PGI User Forum
 SearchSearch   MemberlistMemberlist     RegisterRegister   ProfileProfile    Log inLog in 

Free OpenACC Webinar

cuda memory issues
Goto page 1, 2, 3  Next
 
Post new topic   Reply to topic    PGI User Forum Forum Index -> Accelerator Programming
View previous topic :: View next topic  
Author Message
vibrantcascade



Joined: 04 Aug 2011
Posts: 28

PostPosted: Tue Jan 17, 2012 12:12 pm    Post subject: cuda memory issues Reply with quote

I'm running into the following error when trying to compile Cuda and I'm looking for some advice.

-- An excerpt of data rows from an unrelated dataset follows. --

(* Let $p,k,q,n$ be positive integers. If there exist an S-template with width $q$ and $n+1$ colors and an S-template with width $p$ and $k$ colors, then there exists an S-template with width $pq$ and $n+k$ colors.
   Context: A set $A \subseteq \mathbb{N}$ is sum-free if for all $(a,b)\in A^2$ (allowing $a=b$), $a+b \notin A$. For positive integers $p,n$, an S-template with $n$ colors and width $p$ is a partition of $\{1,\dots,p\}$ into $n$ sum-free subsets $A_1,\dots,A_n$ such that for every $i \in \{1,\dots,n-1\}$ (i.e. every subset except $A_n$) and all $(x,y)\in A_i^2$: if $x+y>p$ then $x+y-p \notin A_i$. *)

theory Defs
  imports Main
begin

definition sum_free :: "nat set \<Rightarrow> bool" where
  "sum_free A \<longleftrightarrow> (\<forall>a\<in>A. \<forall>b\<in>A. a + b \<notin> A)"

definition S_template :: "nat \<Rightarrow> nat \<Rightarrow> (nat \<Rightarrow> nat set) \<Rightarrow> bool" where
  "S_template n p A \<longleftrightarrow>
     (\<Union>i\<in>{1..n}. A i) = {1..p} \<and>
     (\<forall>i\<in>{1..n}. \<forall>j\<in>{1..n}. i \<noteq> j \<longrightarrow> A i \<inter> A j = {}) \<and>
     (\<forall>i\<in>{1..n}. sum_free (A i)) \<and>
     (\<forall>i\<in>{1..n-1}. \<forall>x\<in>A i. \<forall>y\<in>A i. x + y > p \<longrightarrow> x + y - p \<notin> A i)"

end

(* Identify {1..p*q} with {1..q} \<times> {1..p} via (a, b) \<mapsto> p * (a - 1) + b.  Adding two such numbers
   adds the b-coordinates, possibly wrapping around modulo p with a carry into the a-coordinate.
   Hence a product class X \<times> Y is sum-free whenever Y is sum-free and either X is sum-free or Y
   is wrap-free (modulo p), and it is wrap-free modulo p * q whenever Y is sum-free and either X
   is wrap-free modulo q or Y is wrap-free modulo p.
   The colours of the new template are the columns {1..q} \<times> B j for j < k, together with the
   pieces A i \<times> B k of the last column B k; only A (n + 1) \<times> B k fails to be wrap-free, and it
   is put last. *)

theory Submission
  imports Defs
begin

definition wrap_free :: "nat \<Rightarrow> nat set \<Rightarrow> bool" where
  "wrap_free p A \<longleftrightarrow> (\<forall>x\<in>A. \<forall>y\<in>A. p < x + y \<longrightarrow> x + y - p \<notin> A)"

definition indexed_partition :: "nat \<Rightarrow> (nat \<Rightarrow> 'a set) \<Rightarrow> 'a set \<Rightarrow> bool" where
  "indexed_partition n P S \<longleftrightarrow>
     (\<Union>i\<in>{1..n}. P i) = S \<and> (\<forall>i\<in>{1..n}. \<forall>j\<in>{1..n}. i \<noteq> j \<longrightarrow> P i \<inter> P j = {})"

lemma S_template_iff:
  "S_template n p A \<longleftrightarrow>
     indexed_partition n A {1..p} \<and> (\<forall>i\<in>{1..n}. sum_free (A i)) \<and>
     (\<forall>i\<in>{1..n-1}. wrap_free p (A i))"
  unfolding S_template_def indexed_partition_def wrap_free_def by auto

lemma indexed_partition_subset:
  "indexed_partition n P S \<Longrightarrow> i \<in> {1..n} \<Longrightarrow> P i \<subseteq> S"
  unfolding indexed_partition_def by blast

lemma indexed_partition_disjoint:
  "indexed_partition n P S \<Longrightarrow> i \<in> {1..n} \<Longrightarrow> j \<in> {1..n} \<Longrightarrow> i \<noteq> j \<Longrightarrow> P i \<inter> P j = {}"
  unfolding indexed_partition_def by blast

lemma indexed_partition_coverE:
  assumes "indexed_partition n P S" and "x \<in> S"
  obtains i where "i \<in> {1..n}" and "x \<in> P i"
  using assms unfolding indexed_partition_def by blast

lemma indexed_partition_image:
  assumes "inj_on f S" and "indexed_partition n P S"
  shows "indexed_partition n (\<lambda>i. f ` P i) (f ` S)"
  using assms indexed_partition_subset[OF assms(2)] unfolding indexed_partition_def
  by (auto simp flip: inj_on_image_Int[OF assms(1)] simp: image_UN)

lemma indexed_partition_times:
  assumes "indexed_partition n P S"
  shows "indexed_partition n (\<lambda>i. P i \<times> Y) (S \<times> Y)"
    and "indexed_partition n (\<lambda>i. Y \<times> P i) (Y \<times> S)"
  using assms unfolding indexed_partition_def by auto

(* The last class Q k of a partition is replaced by the classes of a partition R of it, in the
   order R 1, ..., R m, Q 1, ..., Q (k - 1), R (m + 1). *)
definition refine_last :: "nat \<Rightarrow> nat \<Rightarrow> (nat \<Rightarrow> 'a set) \<Rightarrow> (nat \<Rightarrow> 'a set) \<Rightarrow> nat \<Rightarrow> 'a set" where
  "refine_last m k Q R i = (if m < i \<and> i < m + k then Q (i - m) else R (min i (m + 1)))"

lemma refine_last_subset:
  assumes "indexed_partition (m + 1) R (Q k)" and "i \<in> {1..m+k}"
  shows "refine_last m k Q R i \<subseteq> (if m < i \<and> i < m + k then Q (i - m) else Q k)"
  using assms indexed_partition_subset[OF assms(1), of "min i (m + 1)"]
  by (auto simp: refine_last_def)

lemma UN_refine_last:
  assumes Q: "indexed_partition k Q U" and R: "indexed_partition (m + 1) R (Q k)" and "0 < k"
  shows "(\<Union>i\<in>{1..m+k}. refine_last m k Q R i) = U"
proof (intro subset_antisym subsetI)
  fix x assume "x \<in> (\<Union>i\<in>{1..m+k}. refine_last m k Q R i)"
  then obtain i where i: "i \<in> {1..m+k}" "x \<in> refine_last m k Q R i"
    by blast
  have "i - m \<in> {1..k}" if "m < i \<and> i < m + k"
    using that by auto
  then show "x \<in> U"
    using i refine_last_subset[where Q = Q and k = k, OF R i(1)] \<open>0 < k\<close>
      indexed_partition_subset[OF Q, of "i - m"] indexed_partition_subset[OF Q, of k]
    by (auto split: if_splits)
next
  fix x assume "x \<in> U"
  obtain j where j: "j \<in> {1..k}" "x \<in> Q j"
    using Q \<open>x \<in> U\<close> by (rule indexed_partition_coverE)
  show "x \<in> (\<Union>i\<in>{1..m+k}. refine_last m k Q R i)"
  proof (cases "j < k")
    case True
    then have "x \<in> refine_last m k Q R (m + j)"
      using j by (auto simp: refine_last_def)
    then show ?thesis
      using j True by (intro UN_I[of "m + j"]) auto
  next
    case False
    then have "x \<in> Q k"
      using j by auto
    obtain l where l: "l \<in> {1..m+1}" "x \<in> R l"
      using R \<open>x \<in> Q k\<close> by (rule indexed_partition_coverE)
    then have "x \<in> refine_last m k Q R (if l \<le> m then l else m + k)"
      using \<open>0 < k\<close> by (auto simp: refine_last_def le_Suc_eq)
    then show ?thesis
      using l \<open>0 < k\<close> by (intro UN_I[of "if l \<le> m then l else m + k"]) auto
  qed
qed

lemma refine_last_disjoint:
  assumes Q: "indexed_partition k Q U" and R: "indexed_partition (m + 1) R (Q k)" and "0 < k"
    and i: "i \<in> {1..m+k}" and j: "j \<in> {1..m+k}" and "i \<noteq> j"
  shows "refine_last m k Q R i \<inter> refine_last m k Q R j = {}"
proof -
  have k: "k \<in> {1..k}"
    using \<open>0 < k\<close> by simp
  show ?thesis
  proof (cases "m < i \<and> i < m + k" ; cases "m < j \<and> j < m + k")
    assume "m < i \<and> i < m + k" "m < j \<and> j < m + k"
    moreover have "Q (i - m) \<inter> Q (j - m) = {}"
      using calculation \<open>i \<noteq> j\<close> by (intro indexed_partition_disjoint[OF Q]) auto
    ultimately show ?thesis
      by (simp add: refine_last_def)
  next
    assume "m < i \<and> i < m + k" "\<not> (m < j \<and> j < m + k)"
    moreover have "Q (i - m) \<inter> Q k = {}"
      using calculation by (intro indexed_partition_disjoint[OF Q] k) auto
    ultimately show ?thesis
      using refine_last_subset[where Q = Q and k = k, OF R j] unfolding refine_last_def by auto blast+
  next
    assume "\<not> (m < i \<and> i < m + k)" "m < j \<and> j < m + k"
    moreover have "Q (j - m) \<inter> Q k = {}"
      using calculation by (intro indexed_partition_disjoint[OF Q] k) auto
    ultimately show ?thesis
      using refine_last_subset[where Q = Q and k = k, OF R i] unfolding refine_last_def by auto blast+
  next
    assume "\<not> (m < i \<and> i < m + k)" "\<not> (m < j \<and> j < m + k)"
    moreover have "R (min i (m + 1)) \<inter> R (min j (m + 1)) = {}"
      using calculation i j \<open>i \<noteq> j\<close> by (intro indexed_partition_disjoint[OF R]) auto
    ultimately show ?thesis
      unfolding refine_last_def by presburger
  qed
qed

lemma indexed_partition_refine_last:
  assumes "indexed_partition k Q U" and "indexed_partition (m + 1) R (Q k)" and "0 < k"
  shows "indexed_partition (m + k) (refine_last m k Q R) U"
  using UN_refine_last[OF assms] refine_last_disjoint[OF assms]
  unfolding indexed_partition_def by blast

definition block_index :: "nat \<Rightarrow> nat \<times> nat \<Rightarrow> nat" where
  "block_index p = (\<lambda>(a, b). p * (a - 1) + b)"

lemma block_index_eq_iff:
  fixes p m m' b b' :: nat
  assumes "b \<in> {1..p}" "b' \<in> {1..p}"
  shows "p * m + b = p * m' + b' \<longleftrightarrow> m = m' \<and> b = b'"
proof
  assume eq: "p * m + b = p * m' + b'"
  have p: "p \<noteq> 0" and "(b - 1) div p = 0" "(b' - 1) div p = 0"
    using assms by auto
  then have "(p * m + (b - 1)) div p = m" "(p * m' + (b' - 1)) div p = m'"
    using div_mult_self4[OF p, of m "b - 1"] div_mult_self4[OF p, of m' "b' - 1"] by linarith+
  moreover have "p * m + (b - 1) = p * m' + (b' - 1)"
    using eq assms by auto
  ultimately show "m = m' \<and> b = b'"
    using eq by auto
qed simp

lemma bij_betw_block_index:
  fixes p q :: nat
  assumes "0 < p"
  shows "bij_betw (block_index p) ({1..q} \<times> {1..p}) {1..p * q}"
  unfolding bij_betw_def
proof
  show "inj_on (block_index p) ({1..q} \<times> {1..p})"
    by (intro inj_onI) (auto simp: block_index_def block_index_eq_iff)
  show "block_index p ` ({1..q} \<times> {1..p}) = {1..p * q}"
  proof (intro subset_antisym subsetI)
    fix x assume "x \<in> block_index p ` ({1..q} \<times> {1..p})"
    then obtain a b where x: "x = p * (a - 1) + b" and a: "a \<in> {1..q}" and b: "b \<in> {1..p}"
      by (auto simp: block_index_def)
    have "p * (a - 1) + p = p * a"
      using a by (cases a) auto
    also have "\<dots> \<le> p * q"
      using a by simp
    finally show "x \<in> {1..p * q}"
      using x b by auto
  next
    fix x assume x: "x \<in> {1..p * q}"
    then have "x - 1 < q * p"
      by (auto simp: mult.commute)
    then have "(x - 1) div p < q"
      by (rule less_mult_imp_div_less)
    moreover have "x = block_index p ((x - 1) div p + 1, (x - 1) mod p + 1)"
      using x by (simp add: block_index_def)
    ultimately show "x \<in> block_index p ` ({1..q} \<times> {1..p})"
      using assms by (intro image_eqI) (auto simp: Suc_leI)
  qed
qed

lemma block_index_add_eq:
  fixes p c a1 a2 a3 b1 b2 b3 :: nat
  assumes "1 \<le> a1" "1 \<le> a2" "1 \<le> a3" "b1 \<in> {1..p}" "b2 \<in> {1..p}" "b3 \<in> {1..p}"
    and eq: "block_index p (a1, b1) + block_index p (a2, b2) = block_index p (a3, b3) + p * c"
  shows "b3 = b1 + b2 \<or> (p < b1 + b2 \<and> b3 = b1 + b2 - p \<and> a1 + a2 = a3 + c)"
proof (cases "b1 + b2 \<le> p")
  case True
  have "p * (a1 - 1 + (a2 - 1)) + (b1 + b2) = p * (a3 - 1 + c) + b3"
    using eq by (simp add: block_index_def algebra_simps)
  then show ?thesis
    using True assms(4-6) block_index_eq_iff by auto
next
  case False
  have "p * (a1 - 1 + (a2 - 1) + 1) + (b1 + b2 - p) = p * (a3 - 1 + c) + b3"
    using eq False by (simp add: block_index_def algebra_simps)
  then have "a1 - 1 + (a2 - 1) + 1 = a3 - 1 + c \<and> b1 + b2 - p = b3"
    using False assms(4-6) by (subst (asm) block_index_eq_iff) auto
  then show ?thesis
    using False assms(1-3) by linarith
qed

lemma sum_free_block_product:
  assumes X: "X \<subseteq> {1..}" and Y: "Y \<subseteq> {1..p}" and "sum_free Y"
    and "sum_free X \<or> wrap_free p Y"
  shows "sum_free (block_index p ` (X \<times> Y))"
  unfolding sum_free_def
proof (intro ballI notI)
  fix u v assume "u \<in> block_index p ` (X \<times> Y)" "v \<in> block_index p ` (X \<times> Y)"
    and "u + v \<in> block_index p ` (X \<times> Y)"
  then obtain a1 b1 a2 b2 a3 b3 where
    in_X: "a1 \<in> X" "a2 \<in> X" "a3 \<in> X" and in_Y: "b1 \<in> Y" "b2 \<in> Y" "b3 \<in> Y" and
    eq: "block_index p (a1, b1) + block_index p (a2, b2) = block_index p (a3, b3) + p * 0"
    by auto
  have "1 \<le> a1" "1 \<le> a2" "1 \<le> a3" "b1 \<in> {1..p}" "b2 \<in> {1..p}" "b3 \<in> {1..p}"
    using X Y in_X in_Y by auto
  from block_index_add_eq[OF this eq]
  have "b3 = b1 + b2 \<or> (p < b1 + b2 \<and> b3 = b1 + b2 - p \<and> a1 + a2 = a3)"
    by simp
  then show False
    using assms in_X in_Y unfolding sum_free_def wrap_free_def by metis
qed

lemma wrap_free_block_product:
  assumes X: "X \<subseteq> {1..}" and Y: "Y \<subseteq> {1..p}" and "sum_free Y"
    and "wrap_free q X \<or> wrap_free p Y"
  shows "wrap_free (p * q) (block_index p ` (X \<times> Y))"
  unfolding wrap_free_def
proof (intro ballI impI notI)
  fix u v assume "u \<in> block_index p ` (X \<times> Y)" "v \<in> block_index p ` (X \<times> Y)"
    and "p * q < u + v" and "u + v - p * q \<in> block_index p ` (X \<times> Y)"
  then obtain a1 b1 a2 b2 a3 b3 where
    in_X: "a1 \<in> X" "a2 \<in> X" "a3 \<in> X" and in_Y: "b1 \<in> Y" "b2 \<in> Y" "b3 \<in> Y" and
    eq: "block_index p (a1, b1) + block_index p (a2, b2) = block_index p (a3, b3) + p * q"
    by auto
  have bounds: "1 \<le> a1" "1 \<le> a2" "1 \<le> a3" "b1 \<in> {1..p}" "b2 \<in> {1..p}" "b3 \<in> {1..p}"
    using X Y in_X in_Y by auto
  from block_index_add_eq[OF this eq]
  have "b3 = b1 + b2 \<or> (p < b1 + b2 \<and> b3 = b1 + b2 - p \<and> q < a1 + a2 \<and> a3 = a1 + a2 - q)"
    using bounds(3) by auto
  then show False
    using assms in_X in_Y unfolding sum_free_def wrap_free_def by metis
qed

lemma S_template_product:
  fixes A B :: "nat \<Rightarrow> nat set"
  assumes "0 < p" "0 < k" and A: "S_template (n + 1) q A" and B: "S_template k p B"
  defines "F \<equiv> refine_last n k (\<lambda>j. {1..q} \<times> B j) (\<lambda>i. A i \<times> B k)"
  shows "S_template (n + k) (p * q) (\<lambda>i. block_index p ` F i)"
proof -
  have A_part: "indexed_partition (n + 1) A {1..q}" and B_part: "indexed_partition k B {1..p}"
    using A B by (simp_all add: S_template_iff)
  have "indexed_partition (n + k) F ({1..q} \<times> {1..p})"
    unfolding F_def using A_part B_part \<open>0 < k\<close>
    by (intro indexed_partition_refine_last indexed_partition_times)
  then have partition: "indexed_partition (n + k) (\<lambda>i. block_index p ` F i) {1..p * q}"
    using bij_betw_block_index[OF \<open>0 < p\<close>, of q] indexed_partition_image
    unfolding bij_betw_def by metis
  have "sum_free (block_index p ` F i) \<and> (i < n + k \<longrightarrow> wrap_free (p * q) (block_index p ` F i))"
    if i: "i \<in> {1..n+k}" for i
  proof (cases "n < i \<and> i < n + k")
    case True
    then have "F i = {1..q} \<times> B (i - n)" and j: "i - n \<in> {1..k}" "i - n \<in> {1..k-1}"
      by (auto simp: F_def refine_last_def)
    then show ?thesis
      using B indexed_partition_subset[OF B_part j(1)]
      by (auto simp: S_template_iff intro!: sum_free_block_product wrap_free_block_product)
  next
    case False
    then have "F i = A (min i (n + 1)) \<times> B k" and "min i (n + 1) \<in> {1..n+1}"
      and "i < n + k \<Longrightarrow> min i (n + 1) \<in> {1..n}"
      using i by (auto simp: F_def refine_last_def)
    then show ?thesis
      using A B indexed_partition_subset[OF A_part, of "min i (n + 1)"]
        indexed_partition_subset[OF B_part, of k] \<open>0 < k\<close>
      by (auto simp: S_template_iff intro!: sum_free_block_product wrap_free_block_product)
  qed
  with partition show ?thesis
    by (auto simp: S_template_iff)
qed

theorem theorem2p6:
  fixes p k q n :: nat
  assumes "0 < p" "0 < k" "0 < q" "0 < n"
    and "\<exists>A. S_template (n + 1) q A"
    and "\<exists>B. S_template k p B"
  shows "\<exists>C. S_template (n + k) (p * q) C"
proof -
  obtain A B where "S_template (n + 1) q A" and "S_template k p B"
    using assms by blast
  then show ?thesis
    using S_template_product[OF \<open>0 < p\<close> \<open>0 < k\<close>] by blast
qed

end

[leiderml@ebwilson-mpi ~]$ pgfortran -Mcuda ibe-25Cuda.f
ptxas error : Entry function 'case8' uses too much local data (0xbdec bytes, 0x4000 max)
PGF90-F-0000-Internal compiler error. pgnvd job exited with nonzero status code 0 (ibe-25Cuda.f: 611)
PGF90/x86-64 Linux 11.5-0: compilation aborted

So basically it looks like I'm WAY over the memory usage. My module which I'm sending to the GPU has around 500 lines of code between all the functions. So I'm thinking the arrays are what is causing the problem. Although I think this GPU should have enough memory to handle this.

My GPU is:

Device Name: Tesla C2050
Device Revision Number: 2.0
Global Memory Size: 2817982464
Number of Multiprocessors: 14
Number of Cores: 448
Concurrent Copy and Execution: Yes
Total Constant Memory: 65536
Total Shared Memory per Block: 49152

The declaration for case 8 is this: (and I'll have some explanation afterwards on how I'm using it)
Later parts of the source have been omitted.